The Root Mother’s message and lessons at their most fundamental, start with: The reality of an ancient, intra-psychic predator makes it so the innocent and the holy will very early on experience capture and defilement. The bloody chambers are our collective, ancestral, as well as inevitably personal, wounds, secrets and traumatic undercurrents. The very act of the inter-psychic “marrying” of the Glass-Eyed Gentleman is, in this world, most times completely unavoidable. Since the The Root Mother, our First Mother was unable to avoid being tricked, and instead, as her ancient stories inform us, was forced, through her own naivete and in the end, choice, to take a bloody route in a captured dance with the predator on her way back to divinity and freedom; such is the reality of our human journey. The fact that the The Root Mother could be tricked; if such purity, of which our very beginnings and essence derive from, could fall victim to such a force, that isn’t Creator, yet seems to be able to wield some unseen power nonetheless; this informs us that absolutely anyone, through our free will, can knowingly or unknowingly choose this path. In other words, no one is special, we are one river, made up of divinely unique individuals, on our way back to True Love, The Original Heart, or in Korean we say “Shim Jeong,” together.
This deeply grooved pattern and path, has become both the poison and the cure.

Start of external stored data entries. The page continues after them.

lemma perfect_interleave_blocks:
  assumes "0 < l" "N = 2 ^ (2 * l) * m"
    and pair_count: "\<And>u v. length u = l \<Longrightarrow> length v = l \<Longrightarrow>
                      card {k. k < N \<and> block l w k = u \<and> g k = v} = m"
  shows "perfect (2 * l) (interleave_blocks N l g w)"
proof -
  have "card {k. k < N \<and> block (2 * l) (interleave_blocks N l g w) k = x} = m"
    if "length x = 2 * l" for x
  proof -
    obtain v u where vu: "length v = length u" "x = interleave v u"
      using ex_interleave[of x] \<open>length x = 2 * l\<close> by auto
    then have "length u = l" "length v = l"
      using \<open>length x = 2 * l\<close> by simp_all
    moreover have "block (2 * l) (interleave_blocks N l g w) k = x \<longleftrightarrow> block l w k = u \<and> g k = v"
      if "k < N" for k
      using block_interleave_blocks[OF that] interleave_eq_iff[of "g k" "block l w k" v u] vu
        len_g[OF that] length_block[OF len_w that] \<open>length u = l\<close> by auto
    then have "{k. k < N \<and> block (2 * l) (interleave_blocks N l g w) k = x}
                 = {k. k < N \<and> block l w k = u \<and> g k = v}"
      by blast
    ultimately show ?thesis
      using pair_count by simp
  qed
  moreover have "length (interleave_blocks N l g w) = 2 * l * 2 ^ (2 * l) * m"
    unfolding length_interleave_blocks by (simp add: len_w assms(2))
  ultimately show ?thesis
    using assms(1,2) perfect_iff_block_count[of "2 * l"] by simp
qed

end

theorem lemma10:
  fixes l :: nat and w :: "bool list"
  assumes "l \<ge> 1"
    and "perfect l w"
    and "(l * 2 ^ (2 * l)) dvd length w"
  shows "\<exists>z :: bool list. length z = 2 * length w \<and> perfect (2 * l) z \<and> even_part z = w"
proof -
  obtain m where "length w = l * (2 ^ (2 * l) * m)"
    using assms(3) by (metis dvdE mult.assoc)
  define N where "N = 2 ^ (2 * l) * m"
  have len_w: "length w = N * l" and N_eq: "N = 2 ^ l * (2 ^ l * m)"
    using \<open>length w = _\<close> by (simp_all add: N_def mult_2 power_add)
  let ?V = "{v :: bool list. length v = l}"
  have fin_V: "finite ?V" and card_V: "card ?V = 2 ^ l"
    using finite_lists_length_eq[of "UNIV :: bool set" l] card_lists_length_eq[of "UNIV :: bool set" l]
    by simp_all
  have fibre_card: "card {k. k < N \<and> block l w k = u} = card ?V * m" if "u \<in> ?V" for u
    using that assms(1,2) len_w N_eq card_V by (simp add: perfect_iff_block_count ac_simps)
  have block_V: "block l w k \<in> ?V" if "k < N" for k
    using length_block[OF len_w that] by simp
  obtain g :: "nat \<Rightarrow> bool list" where "\<forall>k<N. g k \<in> ?V"
      and "\<forall>u\<in>?V. \<forall>v\<in>?V. card {k. k < N \<and> block l w k = u \<and> g k = v} = m"
    using ex_balanced_refinement[OF fin_V fibre_card block_V] by blast
  then have len_g: "\<And>k. k < N \<Longrightarrow> length (g k) = l"
    and pair_count: "\<And>u v. length u = l \<Longrightarrow> length v = l \<Longrightarrow>
                         card {k. k < N \<and> block l w k = u \<and> g k = v} = m"
    by simp_all
  have "0 < l"
    using assms(1) by simp
  then show ?thesis
    using length_interleave_blocks[where g = g, OF len_w len_g]
      even_part_interleave_blocks[where g = g, OF len_w len_g]
      perfect_interleave_blocks[where g = g, OF len_w len_g _ N_def pair_count] by blast
qed

end
(* Let $\mathcal{U}=\{u_1,\ldots,u_M\}\subset\mathbb{R}\setminus\{0\}$, $u_{\max}=\max_m|u_m|$, $\sigma_{N/k}^2>0$, and $k\ge1$. For $\omega\in\mathbb{R}$ let $h(\omega)=\sum_{m=1}^M\exp\big(\frac{|u_m|u_{\max}}{\sigma_{N/k}^2}-\frac{u_m^2}{2\sigma_{N/k}^2}+\frac{u_m\omega}{\sigma_{N/k}^2}\big)$. For an integer $n\ge 0$, $\omega_1\in\mathbb{R}^n$ and $s\in\{1,\ldots,n\}$ define $$G_s^n(\omega_1)=\sum_{x'\in\mathcal{X}_s^n(\mathcal{U})}\exp\Big(\frac{u_{\max}\|x'\|_1-\frac12\|x'\|_2^2+x'^{\mathrm{T}}\omega_1}{\sigma_{N/k}^2}\Big),$$ and $G_0^n(\omega_1)=1$. For $0\le a\le b\le n$ let $L_{a,b}^n=\prod_{i=0}^{b-a-1}\frac{b-i}{n-a-i}$ (empty product $=1$). For $j\in\{0,\ldots,k\}$ let $H_0(j)=1$ and, for $w\in\{1,\ldots,k-1\}$, $$H_w(j)=\sum_{w'=\max\{j-w,0\}}^{\min\{j,k-w\}}\binom{j}{w'}\big\lceil L^{k-j}_{k-w-w',\,k-j}\big\rceil.$$ Given $\omega_1\in\mathbb{R}^k$, let $\mathcal{I}=\{j\in\{1,\ldots,k\}: h([\omega_1]_j)\le1\}$ and let $\omega_{1,\mathcal{I}^{\mathrm{c}}}$ be the subvector of $\omega_1$ indexed by $\{1,\ldots,k\}\setminus\mathcal{I}$. Then for all $\omega_1\in\mathbb{R}^k$ and all $w\in\{0,\ldots,k-1\}$, $$G_{k-w}^k(\omega_1)\le H_w(|\mathcal{I}|)\,G^{k-|\mathcal{I}|}_{k-|\mathcal{I}|}(\omega_{1,\mathcal{I}^{\mathrm{c}}}).$$
   Context: $\mathcal{X}_s^n(\mathcal{U})$ is the set of vectors in $\mathbb{R}^n$ with exactly $s$ nonzero entries, each in $\mathcal{U}$. $\lceil\cdot\rceil$ is the ceiling. *)

theory Defs
  imports Complex_Main
begin

text \<open>Vectors in R^n are represented as real lists of length n (index i < n).\<close>

definition umax :: "real set \<Rightarrow> real" where
  "umax U = Max (abs ` U)"

definition hfun :: "real set \<Rightarrow> real \<Rightarrow> real \<Rightarrow> real" where
  "hfun U sigma2 \<omega> =
     (\<Sum>u\<in>U. exp (\<bar>u\<bar> * umax U / sigma2 - u^2 / (2 * sigma2) + u * \<omega> / sigma2))"

definition Xset :: "nat \<Rightarrow> nat \<Rightarrow> real set \<Rightarrow> real list set" where
  "Xset s n U = {x. length x = n \<and> card {i. i < n \<and> x ! i \<noteq> 0} = s
                   \<and> (\<forall>i<n. x ! i \<noteq> 0 \<longrightarrow> x ! i \<in> U)}"

definition norm1 :: "real list \<Rightarrow> real" where
  "norm1 x = sum_list (map abs x)"

definition norm2sq :: "real list \<Rightarrow> real" where
  "norm2sq x = sum_list (map (\<lambda>a. a^2) x)"

definition dotl :: "real list \<Rightarrow> real list \<Rightarrow> real" where
  "dotl x y = sum_list (map2 (*) x y)"

definition Gfun :: "real set \<Rightarrow> real \<Rightarrow> nat \<Rightarrow> real list \<Rightarrow> real" where
  "Gfun U sigma2 s \<omega> =
     (if s = 0 then 1 else
      (\<Sum>x\<in>Xset s (length \<omega>) U.
         exp ((umax U * norm1 x - norm2sq x / 2 + dotl x \<omega>) / sigma2)))"

definition Lfun :: "nat \<Rightarrow> nat \<Rightarrow> nat \<Rightarrow> real" where
  "Lfun n a b = (\<Prod>i<b - a. (real b - real i) / (real n - real a - real i))"

definition Hfun :: "nat \<Rightarrow> nat \<Rightarrow> nat \<Rightarrow> real" where
  "Hfun k w j = (if w = 0 then 1 else
     (\<Sum>w'=max (int j - int w) 0 .. min (int j) (int k - int w).
        real (j choose nat w') * of_int \<lceil>Lfun (k - j) (k - w - nat w') (k - j)\<rceil>))"

end

theory Submission
  imports Defs
begin

text \<open>The exponent of each summand of \<open>G_s^n(\<omega>)\<close> is a sum over coordinates, so the summand
  is a product of one weight per coordinate; a zero coordinate has weight 1, and the weights of
  coordinate \<open>b\<close> summed over all values \<open>u \<in> U\<close> give \<open>h(b)\<close>. Splitting off the first coordinate
  yields \<open>G_{s+1}(b # \<omega>) = G_{s+1}(\<omega>) + h(b) G_s(\<omega>)\<close>, hence \<open>G_n^n(\<omega>) = \<Prod>_i h(\<omega>_i)\<close> and
  \<open>G_s^n(\<omega>) \<le> (n choose s) \<Prod>_i max 1 (h(\<omega>_i))\<close>. The last product is \<open>G^{k-|I|}_{k-|I|}\<close> of the
  coordinates outside \<open>I\<close>. Finally \<open>L^n_{a,n} = (n choose a)\<close>, so the sum defining \<open>H_w(j)\<close> is
  Vandermonde's convolution and equals \<open>k choose w\<close> for every \<open>j \<le> k\<close>.\<close>

lemma Xset_conv_filter:
  "Xset s n U = {x. length x = n \<and> length (filter (\<lambda>a. a \<noteq> 0) x) = s
                   \<and> (\<forall>a\<in>set x. a \<noteq> 0 \<longrightarrow> a \<in> U)}"
  unfolding Xset_def length_filter_conv_card by (auto simp: in_set_conv_nth) (metis nth_mem)

lemma finite_Xset: "finite U \<Longrightarrow> finite (Xset s n U)"
  by (rule finite_subset[where B = "{x. set x \<subseteq> insert 0 U \<and> length x = n}"])
     (auto simp: Xset_conv_filter intro: finite_lists_length_eq)

lemma Xset_0: "Xset 0 n U = {replicate n 0}"
  unfolding Xset_conv_filter
  by (auto simp: filter_empty_conv intro: replicate_length_same[symmetric])

lemma Xset_empty_if_less: "n < s \<Longrightarrow> Xset s n U = {}"
  unfolding Xset_conv_filter by (auto simp: leD[OF length_filter_le])

lemma Xset_Suc_Suc:
  assumes "0 \<notin> U"
  shows "Xset (Suc s) (Suc n) U
           = (\<lambda>x. 0 # x) ` Xset (Suc s) n U \<union> (\<lambda>(u, x). u # x) ` (U \<times> Xset s n U)"
proof (intro set_eqI iffI)
  fix y assume "y \<in> Xset (Suc s) (Suc n) U"
  then obtain a x where y: "y = a # x" "length x = n"
    and nonzeros: "length (filter (\<lambda>a. a \<noteq> 0) (a # x)) = Suc s"
    and in_U: "\<forall>b\<in>set (a # x). b \<noteq> 0 \<longrightarrow> b \<in> U"
    unfolding Xset_conv_filter by (cases y) auto
  show "y \<in> (\<lambda>x. 0 # x) ` Xset (Suc s) n U \<union> (\<lambda>(u, x). u # x) ` (U \<times> Xset s n U)"
  proof (cases "a = 0")
    case True
    then have "x \<in> Xset (Suc s) n U"
      using y nonzeros in_U unfolding Xset_conv_filter by auto
    then show ?thesis using y True by auto
  next
    case False
    then have "x \<in> Xset s n U" "a \<in> U"
      using y nonzeros in_U unfolding Xset_conv_filter by auto
    then show ?thesis using y by auto
  qed
qed (use assms in \<open>auto simp: Xset_conv_filter\<close>)

locale coordinatewise_weight =
  fixes g :: "real \<Rightarrow> real \<Rightarrow> real" and U :: "real set"
  assumes finite_U: "finite U" and zero_notin_U: "0 \<notin> U"
    and weight_zero: "g b 0 = 1" and weight_nonneg: "g b a \<ge> 0"
begin

definition total_weight :: "real \<Rightarrow> real" where
  "total_weight b = (\<Sum>u\<in>U. g b u)"

definition sparse_sum :: "nat \<Rightarrow> real list \<Rightarrow> real" where
  "sparse_sum s \<omega> = (\<Sum>x\<in>Xset s (length \<omega>) U. prod_list (map2 g \<omega> x))"

lemma total_weight_nonneg: "total_weight b \<ge> 0"
  unfolding total_weight_def by (intro sum_nonneg weight_nonneg)

lemma sparse_sum_nonneg: "sparse_sum s \<omega> \<ge> 0"
  unfolding sparse_sum_def
  by (intro sum_nonneg prod_list_nonneg) (auto simp: set_zip weight_nonneg)

lemma sparse_sum_0 [simp]: "sparse_sum 0 \<omega> = 1"
proof -
  have "prod_list (map2 g \<omega> (replicate (length \<omega>) 0)) = 1"
    by (induction \<omega>) (simp_all add: weight_zero)
  then show ?thesis unfolding sparse_sum_def by (simp add: Xset_0)
qed

lemma sparse_sum_eq_0: "length \<omega> < s \<Longrightarrow> sparse_sum s \<omega> = 0"
  unfolding sparse_sum_def by (simp add: Xset_empty_if_less)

Like untangling a deeply tangled knot or removing a bullet from the wound; whether as a result of necessary or unnecessary pain and/or violence, the only path to healing is back through the same pathway or wound entry that created the emotional, spiritual and/or physical hemorrhaging in the first place.

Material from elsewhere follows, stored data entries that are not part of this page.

lemma nn_integral_tail_weight_tilt_le:
  assumes "0 < \<eta>" "\<eta> < 1" "\<beta> \<ge> 0"
  shows "(\<integral>\<^sup>+l. ennreal (tail_weight m n \<beta> l * exp (\<epsilon> * (\<Sum>i\<in>{m..<n}. \<bar>l i\<bar>))) \<partial>(\<Pi>\<^sub>M i\<in>{m..<n}. lborel))
           \<le> ennreal (exp (n * \<epsilon>\<^sup>2 / (2 * \<eta>)) * sqrt (1 - \<eta>) powr (- (n + \<beta> * (real n)\<^sup>2))) * tail_Z m n \<beta>"
proof -
  let ?M = "\<Pi>\<^sub>M i\<in>{m..<n}. lborel"
  define s where "s = sqrt (1 - \<eta>)"
  define C where "C = exp (n * \<epsilon>\<^sup>2 / (2 * \<eta>)) * s powr (- \<beta> * (real n)\<^sup>2)"
  have s: "0 < s" "s \<le> 1"
    using assms by (auto simp: s_def)
  have C: "C \<ge> 0"
    by (simp add: C_def)
  have "(\<integral>\<^sup>+l. ennreal (tail_weight m n \<beta> l * exp (\<epsilon> * (\<Sum>i\<in>{m..<n}. \<bar>l i\<bar>))) \<partial>?M)
      \<le> (\<integral>\<^sup>+l. ennreal C * ennreal (tail_weight m n \<beta> (\<lambda>i. s * l i)) \<partial>?M)"
    using tail_weight_tilt_le[OF assms]
    by (intro nn_integral_mono) (simp add: C_def s_def ennreal_mult'[symmetric] ennreal_leI)
  also have "\<dots> = ennreal C * (\<integral>\<^sup>+l. ennreal (tail_weight m n \<beta> (\<lambda>i. s * l i)) \<partial>?M)"
    by (rule nn_integral_cmult) (unfold tail_weight_def, measurable)
  also have "\<dots> = ennreal C * (ennreal ((1 / s) ^ (n - m)) * tail_Z m n \<beta>)"
    using s(1) by (simp add: nn_integral_tail_weight_scale)
  also have "\<dots> \<le> ennreal C * (ennreal ((1 / s) ^ n) * tail_Z m n \<beta>)"
    using s by (intro mult_left_mono mult_right_mono ennreal_leI power_increasing) auto
  also have "(1 / s) ^ n = s powr (- n)"
    using s(1) by (simp add: powr_minus_divide powr_realpow power_one_over)
  also have "ennreal C * (ennreal (s powr (- n)) * tail_Z m n \<beta>) = ennreal (C * s powr (- n)) * tail_Z m n \<beta>"
    using C by (simp add: ennreal_mult mult.assoc)
  also have "C * s powr (- n) = exp (n * \<epsilon>\<^sup>2 / (2 * \<eta>)) * sqrt (1 - \<eta>) powr (- (n + \<beta> * (real n)\<^sup>2))"
    by (simp add: C_def s_def mult.assoc algebra_simps flip: powr_add)
  finally show ?thesis .
qed

section \<open>Bound on the correlation functions\<close>

lemma beta_weight_eq_head_tail:
  assumes "k \<le> n"
  shows "beta_weight n \<beta> z = exp (- (1/2) * (\<Sum>i<k. (z i)\<^sup>2)) *
           (\<Prod>i<k. \<Prod>j\<in>{i<..<n}. abspow (z i - z j) \<beta>) * tail_weight k n \<beta> z"
proof -
  have sum_split: "(\<Sum>i<n. (z i)\<^sup>2) = (\<Sum>i<k. (z i)\<^sup>2) + (\<Sum>i\<in>{k..<n}. (z i)\<^sup>2)"
    using sum.atLeastLessThan_concat[of 0 k n "\<lambda>i. (z i)\<^sup>2"] assms by (simp add: atLeast0LessThan)
  have prod_split: "(\<Prod>i<n. \<Prod>j\<in>{i<..<n}. abspow (z i - z j) \<beta>) =
      (\<Prod>i<k. \<Prod>j\<in>{i<..<n}. abspow (z i - z j) \<beta>) * (\<Prod>i\<in>{k..<n}. \<Prod>j\<in>{i<..<n}. abspow (z i - z j) \<beta>)"
    using prod.atLeastLessThan_concat[of 0 k n "\<lambda>i. \<Prod>j\<in>{i<..<n}. abspow (z i - z j) \<beta>"] assms
    by (simp add: atLeast0LessThan)
  have exp_split: "exp (- (1/2) * (A + B)) = exp (- (1/2) * A) * exp (- (1/2) * B)" for A B :: real
    by (simp add: exp_add[symmetric] algebra_simps)
  show ?thesis
    unfolding beta_weight_def tail_weight_def sum_split prod_split exp_split by (simp only: mult_ac)
qed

Most of our lives tend to be a cyclical process, that if we strive to, of becoming more and more adept at re-entering wounds; personal ones, collective and ancestral ones. Walking with the Root Mother who knows this journey inside-out, back-to-front, above and below, is a journey encoded in our bones. Our only true chance of healing is if we awaken to it; that we dare to disobey the predator’s orders to essentially not awaken to reality and instead be compliant and remain un-initiated. We can potentially develop a skill set more precious than diamonds that can eventually spot right away, that the Glass-Eyed Gentleman’s glass eye is not a result of being a valiant soldier; but that when a glass eye has more humanity than his a real one, we recognize him for who he is, not who he skillfully pretends to be. In this way we not only free ourselves over and over from this existential pattern, but we pave the way for the many generations to come, and also free our ancestors and the past from perpetuating unresolved pain.
Our time is now, at any age, at any stage of life. It’s never too late to choose consciousness and awaken.